Return the full listing, keeping every line exactly as it is.

◆ **Supplied material**
"""
theorem theorem3:
  fixes n T m :: nat
    and k mm :: "nat \<Rightarrow> nat"
    and psi :: "nat \<Rightarrow> real list list \<Rightarrow> real list"
    and phi :: "nat \<Rightarrow> real list \<Rightarrow> real list"
    and readout :: "real list list \<Rightarrow> real list"
  assumes "n > 0" and "T > 0"
    and psi_ms: "\<And>t. t < T \<Longrightarrow> multiset_fun (2 * k t + 1) n (mm t) (psi t)"
    and psi_lip: "\<And>t. t < T \<Longrightarrow> lipschitz_mat (2 * k t + 1) n (psi t)"
    and phi_fun: "\<And>t. t < T \<Longrightarrow> euclid_fun (k t + mm t) (k (Suc t)) (phi t)"
    and phi_lip: "\<And>t. t < T \<Longrightarrow> lipschitz_vec (k t + mm t) (phi t)"
    and ro_ms: "multiset_fun (k T) n m readout"
    and ro_lip: "lipschitz_mat (k T) n readout"
  shows "\<exists>L>0. \<forall>X Y :: nat \<Rightarrow> real^'d.
           ldist (wl_model k psi phi readout T n X) (wl_model k psi phi readout T n Y)
             \<le> L * hard_GW n X Y"
proof -
  interpret wl_lipschitz n T k mm psi phi
    using psi_ms psi_lip phi_fun phi_lip by unfold_locales
  obtain L where "L > 0" and L: "\<And>X Y :: nat \<Rightarrow> real^'d.
      ldist (wl_model k psi phi readout T n X) (wl_model k psi phi readout T n Y)
        \<le> L * distortion n X Y"
    using wl_model_lipschitz_distortion[OF ro_lip] by blast
  have "ldist (wl_model k psi phi readout T n X) (wl_model k psi phi readout T n Y)
      \<le> L * hard_GW n X Y" for X Y :: "nat \<Rightarrow> real^'d"
  proof -
    obtain \<pi> where \<pi>: "\<pi> permutes {..<n}" "hard_GW n X Y = distortion n X (Y \<circ> \<pi>)"
      using hard_GW_attained by blast
    have "ldist (wl_model k psi phi readout T n X) (wl_model k psi phi readout T n Y)
        = ldist (wl_model k psi phi readout T n X) (wl_model k psi phi readout T n (Y \<circ> \<pi>))"
      by (simp add: wl_model_permutes[OF ro_ms \<pi>(1)])
    also have "\<dots> \<le> L * distortion n X (Y \<circ> \<pi>)"
      by (rule L)
    finally show ?thesis
      by (simp add: \<pi>(2))
  qed
  with \<open>L > 0\<close> show ?thesis by blast
qed

end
"""
◆ **Response to this task**
theorem theorem3:
  fixes n T m :: nat
    and k mm :: "nat \<Rightarrow> nat"
    and psi :: "nat \<Rightarrow> real list list \<Rightarrow> real list"
    and phi :: "nat \<Rightarrow> real list \<Rightarrow> real list"
    and readout :: "real list list \<Rightarrow> real list"
  assumes "n > 0" and "T > 0"
    and psi_ms: "\<And>t. t < T \<Longrightarrow> multiset_fun (2 * k t + 1) n (mm t) (psi t)"
    and psi_lip: "\<And>t. t < T \<Longrightarrow> lipschitz_mat (2 * k t + 1) n (psi t)"
    and phi_fun: "\<And>t. t < T \<Longrightarrow> euclid_fun (k t + mm t) (k (Suc t)) (phi t)"
    and phi_lip: "\<And>t. t < T \<Longrightarrow> lipschitz_vec (k t + mm t) (phi t)"
    and ro_ms: "multiset_fun (k T) n m readout"
    and ro_lip: "lipschitz_mat (k T) n readout"
  shows "\<exists>L>0. \<forall>X Y :: nat \<Rightarrow> real^'d.
           ldist (wl_model k psi phi readout T n X) (wl_model k psi phi readout T n Y)
             \<le> L * hard_GW n X Y"
proof -
  interpret wl_lipschitz n T k mm psi phi
    using psi_ms psi_lip phi_fun phi_lip by unfold_locales
  obtain L where "L > 0" and L: "\<And>X Y :: nat \<Rightarrow> real^'d.
      ldist (wl_model k psi phi readout T n X) (wl_model k psi phi readout T n Y)
        \<le> L * distortion n X Y"
    using wl_model_lipschitz_distortion[OF ro_lip] by blast
  have "ldist (wl_model k psi phi readout T n X) (wl_model k psi phi readout T n Y)
      \<le> L * hard_GW n X Y" for X Y :: "nat \<Rightarrow> real^'d"
  proof -
    obtain \<pi> where \<pi>: "\<pi> permutes {..<n}" "hard_GW n X Y = distortion n X (Y \<circ> \<pi>)"
      using hard_GW_attained by blast
    have "ldist (wl_model k psi phi readout T n X) (wl_model k psi phi readout T n Y)
        = ldist (wl_model k psi phi readout T n X) (wl_model k psi phi readout T n (Y \<circ> \<pi>))"
      by (simp add: wl_model_permutes[OF ro_ms \<pi>(1)])
    also have "\<dots> \<le> L * distortion n X (Y \<circ> \<pi>)"
      by (rule L)
    finally show ?thesis
      by (simp add: \<pi>(2))
  qed
  with \<open>L > 0\<close> show ?thesis by blast
qed

end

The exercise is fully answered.